◆ Task goal: In the data below, find every line that has the string "thesis", and copy it.

[Collected data entries]
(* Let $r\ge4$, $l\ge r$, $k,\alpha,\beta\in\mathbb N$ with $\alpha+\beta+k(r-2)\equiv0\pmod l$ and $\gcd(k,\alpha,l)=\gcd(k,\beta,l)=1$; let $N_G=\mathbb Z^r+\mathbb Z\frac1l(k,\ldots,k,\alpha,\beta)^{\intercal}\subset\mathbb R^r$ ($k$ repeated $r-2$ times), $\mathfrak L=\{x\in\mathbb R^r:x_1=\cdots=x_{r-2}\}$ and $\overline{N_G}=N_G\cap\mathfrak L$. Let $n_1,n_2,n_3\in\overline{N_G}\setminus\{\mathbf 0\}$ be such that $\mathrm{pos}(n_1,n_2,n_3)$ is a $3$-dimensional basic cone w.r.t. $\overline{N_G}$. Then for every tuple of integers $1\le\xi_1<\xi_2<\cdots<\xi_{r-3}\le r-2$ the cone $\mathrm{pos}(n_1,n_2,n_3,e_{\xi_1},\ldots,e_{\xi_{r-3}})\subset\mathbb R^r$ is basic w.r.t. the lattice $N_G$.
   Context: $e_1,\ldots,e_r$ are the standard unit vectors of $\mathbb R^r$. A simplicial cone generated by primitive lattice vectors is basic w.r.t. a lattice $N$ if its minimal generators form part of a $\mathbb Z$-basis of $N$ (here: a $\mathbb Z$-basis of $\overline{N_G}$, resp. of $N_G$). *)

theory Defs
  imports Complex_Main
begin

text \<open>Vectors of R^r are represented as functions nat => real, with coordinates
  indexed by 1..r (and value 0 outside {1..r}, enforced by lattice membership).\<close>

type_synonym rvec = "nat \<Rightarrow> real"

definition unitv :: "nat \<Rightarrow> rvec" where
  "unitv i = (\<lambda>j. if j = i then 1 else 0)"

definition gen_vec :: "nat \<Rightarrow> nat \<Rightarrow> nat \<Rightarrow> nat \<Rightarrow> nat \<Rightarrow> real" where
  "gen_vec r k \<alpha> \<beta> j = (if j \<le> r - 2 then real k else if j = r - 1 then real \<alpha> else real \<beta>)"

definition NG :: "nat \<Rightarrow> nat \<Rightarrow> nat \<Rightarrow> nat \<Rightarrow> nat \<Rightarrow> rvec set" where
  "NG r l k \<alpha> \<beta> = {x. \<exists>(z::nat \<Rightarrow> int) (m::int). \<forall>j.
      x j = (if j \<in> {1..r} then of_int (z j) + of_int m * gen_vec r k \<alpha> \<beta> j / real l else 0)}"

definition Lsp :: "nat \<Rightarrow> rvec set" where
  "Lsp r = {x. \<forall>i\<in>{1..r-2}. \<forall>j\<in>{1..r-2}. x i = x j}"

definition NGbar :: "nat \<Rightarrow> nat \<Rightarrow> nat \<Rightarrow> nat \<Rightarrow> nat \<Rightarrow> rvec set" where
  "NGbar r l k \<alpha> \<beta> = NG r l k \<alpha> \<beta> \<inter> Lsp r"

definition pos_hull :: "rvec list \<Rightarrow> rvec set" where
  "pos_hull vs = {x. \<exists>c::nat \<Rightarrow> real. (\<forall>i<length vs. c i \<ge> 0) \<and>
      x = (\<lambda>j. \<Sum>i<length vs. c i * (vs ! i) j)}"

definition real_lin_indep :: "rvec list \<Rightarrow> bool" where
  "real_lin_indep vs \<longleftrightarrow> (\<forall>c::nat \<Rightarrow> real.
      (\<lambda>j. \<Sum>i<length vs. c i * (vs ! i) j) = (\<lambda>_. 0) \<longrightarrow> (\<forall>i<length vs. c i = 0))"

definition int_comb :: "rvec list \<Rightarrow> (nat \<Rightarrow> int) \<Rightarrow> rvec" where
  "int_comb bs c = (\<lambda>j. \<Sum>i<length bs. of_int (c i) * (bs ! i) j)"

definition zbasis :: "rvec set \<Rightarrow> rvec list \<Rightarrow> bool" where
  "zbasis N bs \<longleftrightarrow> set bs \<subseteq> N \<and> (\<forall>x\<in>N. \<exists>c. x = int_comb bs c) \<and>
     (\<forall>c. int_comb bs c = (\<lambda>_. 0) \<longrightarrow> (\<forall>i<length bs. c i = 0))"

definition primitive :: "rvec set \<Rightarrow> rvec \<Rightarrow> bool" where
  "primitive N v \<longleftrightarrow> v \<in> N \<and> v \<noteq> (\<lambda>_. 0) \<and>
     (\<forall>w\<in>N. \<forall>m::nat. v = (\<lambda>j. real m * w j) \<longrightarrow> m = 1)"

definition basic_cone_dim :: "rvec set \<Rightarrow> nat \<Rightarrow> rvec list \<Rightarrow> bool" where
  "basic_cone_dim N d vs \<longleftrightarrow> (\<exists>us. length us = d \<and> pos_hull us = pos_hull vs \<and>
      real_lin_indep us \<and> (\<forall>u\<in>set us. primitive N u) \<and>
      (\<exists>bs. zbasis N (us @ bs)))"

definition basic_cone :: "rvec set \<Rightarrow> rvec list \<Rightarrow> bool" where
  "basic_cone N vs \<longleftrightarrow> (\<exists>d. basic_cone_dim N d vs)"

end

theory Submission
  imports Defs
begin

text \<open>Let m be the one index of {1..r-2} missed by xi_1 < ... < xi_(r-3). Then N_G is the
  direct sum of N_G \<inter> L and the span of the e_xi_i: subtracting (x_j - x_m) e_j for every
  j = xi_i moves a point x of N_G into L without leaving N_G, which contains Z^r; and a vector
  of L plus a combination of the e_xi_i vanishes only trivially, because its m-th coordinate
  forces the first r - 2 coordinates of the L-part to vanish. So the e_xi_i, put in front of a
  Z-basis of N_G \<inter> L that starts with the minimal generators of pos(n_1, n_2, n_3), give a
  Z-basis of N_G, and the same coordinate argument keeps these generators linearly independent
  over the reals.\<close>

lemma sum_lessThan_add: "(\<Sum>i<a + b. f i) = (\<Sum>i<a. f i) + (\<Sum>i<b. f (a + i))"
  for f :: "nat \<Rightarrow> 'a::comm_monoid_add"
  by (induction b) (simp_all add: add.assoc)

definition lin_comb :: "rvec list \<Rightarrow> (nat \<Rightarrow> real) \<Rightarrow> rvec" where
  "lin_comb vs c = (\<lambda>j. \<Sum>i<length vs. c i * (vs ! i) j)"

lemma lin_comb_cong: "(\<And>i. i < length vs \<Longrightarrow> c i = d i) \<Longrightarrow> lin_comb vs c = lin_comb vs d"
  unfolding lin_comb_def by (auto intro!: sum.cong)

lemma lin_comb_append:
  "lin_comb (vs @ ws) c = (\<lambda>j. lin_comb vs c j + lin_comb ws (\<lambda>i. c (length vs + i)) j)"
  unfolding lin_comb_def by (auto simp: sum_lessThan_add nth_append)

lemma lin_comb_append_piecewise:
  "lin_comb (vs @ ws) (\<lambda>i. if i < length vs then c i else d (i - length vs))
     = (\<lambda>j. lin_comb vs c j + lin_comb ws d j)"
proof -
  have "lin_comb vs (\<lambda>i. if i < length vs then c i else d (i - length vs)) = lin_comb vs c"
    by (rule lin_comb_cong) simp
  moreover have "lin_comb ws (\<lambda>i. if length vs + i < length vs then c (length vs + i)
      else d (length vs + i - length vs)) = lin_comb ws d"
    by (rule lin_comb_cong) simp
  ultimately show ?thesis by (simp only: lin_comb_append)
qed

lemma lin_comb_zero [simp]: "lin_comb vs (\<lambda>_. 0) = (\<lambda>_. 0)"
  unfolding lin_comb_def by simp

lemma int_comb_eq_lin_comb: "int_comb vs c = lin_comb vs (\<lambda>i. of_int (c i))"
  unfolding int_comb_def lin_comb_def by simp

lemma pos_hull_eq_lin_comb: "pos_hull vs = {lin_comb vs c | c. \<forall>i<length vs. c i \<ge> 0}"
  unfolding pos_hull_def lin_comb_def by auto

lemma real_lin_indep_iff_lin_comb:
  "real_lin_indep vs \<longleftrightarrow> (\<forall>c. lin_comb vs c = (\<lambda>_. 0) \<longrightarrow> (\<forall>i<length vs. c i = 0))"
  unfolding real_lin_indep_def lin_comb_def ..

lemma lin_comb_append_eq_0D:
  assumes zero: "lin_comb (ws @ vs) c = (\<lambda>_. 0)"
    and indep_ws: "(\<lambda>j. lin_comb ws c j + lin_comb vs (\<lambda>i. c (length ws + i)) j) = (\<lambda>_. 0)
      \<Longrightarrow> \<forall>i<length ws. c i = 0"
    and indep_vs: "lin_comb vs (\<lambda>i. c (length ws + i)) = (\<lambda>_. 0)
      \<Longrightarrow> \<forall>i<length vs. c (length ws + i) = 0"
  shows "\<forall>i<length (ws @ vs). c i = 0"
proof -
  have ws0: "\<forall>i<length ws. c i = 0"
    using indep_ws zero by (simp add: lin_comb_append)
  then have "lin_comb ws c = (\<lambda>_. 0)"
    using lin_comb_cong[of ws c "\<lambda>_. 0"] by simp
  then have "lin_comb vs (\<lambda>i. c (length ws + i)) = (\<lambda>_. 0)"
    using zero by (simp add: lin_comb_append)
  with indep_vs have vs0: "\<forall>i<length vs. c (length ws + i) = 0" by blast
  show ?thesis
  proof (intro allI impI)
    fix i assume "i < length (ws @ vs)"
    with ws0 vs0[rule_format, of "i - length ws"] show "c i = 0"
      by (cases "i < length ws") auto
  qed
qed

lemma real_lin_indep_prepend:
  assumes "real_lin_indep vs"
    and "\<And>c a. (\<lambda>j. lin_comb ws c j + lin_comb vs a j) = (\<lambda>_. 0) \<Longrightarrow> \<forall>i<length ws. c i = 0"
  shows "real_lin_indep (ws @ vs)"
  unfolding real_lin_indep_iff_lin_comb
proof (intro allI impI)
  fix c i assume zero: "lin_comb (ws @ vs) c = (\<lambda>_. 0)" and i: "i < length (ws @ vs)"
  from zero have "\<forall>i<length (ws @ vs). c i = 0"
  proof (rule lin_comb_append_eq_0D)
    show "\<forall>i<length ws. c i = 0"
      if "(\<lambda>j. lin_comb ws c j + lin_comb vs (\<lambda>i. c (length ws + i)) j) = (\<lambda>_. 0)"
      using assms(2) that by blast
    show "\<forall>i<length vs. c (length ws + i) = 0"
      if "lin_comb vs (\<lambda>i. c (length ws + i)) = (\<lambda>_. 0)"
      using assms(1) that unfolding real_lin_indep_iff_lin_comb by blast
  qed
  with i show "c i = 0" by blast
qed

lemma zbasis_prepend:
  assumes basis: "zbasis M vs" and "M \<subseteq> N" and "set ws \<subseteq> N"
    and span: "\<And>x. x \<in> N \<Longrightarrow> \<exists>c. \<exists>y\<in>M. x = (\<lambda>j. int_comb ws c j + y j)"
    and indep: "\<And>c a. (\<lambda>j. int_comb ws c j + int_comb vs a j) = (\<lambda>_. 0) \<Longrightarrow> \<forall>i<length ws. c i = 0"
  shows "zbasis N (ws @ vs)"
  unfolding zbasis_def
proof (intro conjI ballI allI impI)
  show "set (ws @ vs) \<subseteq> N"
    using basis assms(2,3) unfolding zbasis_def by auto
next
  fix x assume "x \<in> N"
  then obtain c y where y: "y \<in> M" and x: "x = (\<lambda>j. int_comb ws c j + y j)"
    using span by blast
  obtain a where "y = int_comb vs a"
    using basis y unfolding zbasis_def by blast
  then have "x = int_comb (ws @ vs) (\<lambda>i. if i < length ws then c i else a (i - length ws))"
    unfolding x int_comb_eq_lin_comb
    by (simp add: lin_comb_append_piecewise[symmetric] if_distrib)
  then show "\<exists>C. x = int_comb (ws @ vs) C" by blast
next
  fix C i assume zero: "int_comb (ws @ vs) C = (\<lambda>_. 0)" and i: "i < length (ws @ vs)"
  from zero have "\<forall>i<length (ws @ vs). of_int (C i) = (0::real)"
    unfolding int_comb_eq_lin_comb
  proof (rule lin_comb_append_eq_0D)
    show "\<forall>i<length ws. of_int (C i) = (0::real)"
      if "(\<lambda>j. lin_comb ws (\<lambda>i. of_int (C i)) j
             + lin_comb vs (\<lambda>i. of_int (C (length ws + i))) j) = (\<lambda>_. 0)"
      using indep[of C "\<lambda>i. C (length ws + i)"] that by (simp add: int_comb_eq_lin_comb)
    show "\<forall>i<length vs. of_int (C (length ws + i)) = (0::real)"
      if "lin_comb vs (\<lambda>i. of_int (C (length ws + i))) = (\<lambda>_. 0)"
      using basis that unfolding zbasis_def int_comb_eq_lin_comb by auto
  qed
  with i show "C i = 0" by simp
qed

◆ Response:
  ultimately show ?thesis by (simp only: lin_comb_append)
  show ?thesis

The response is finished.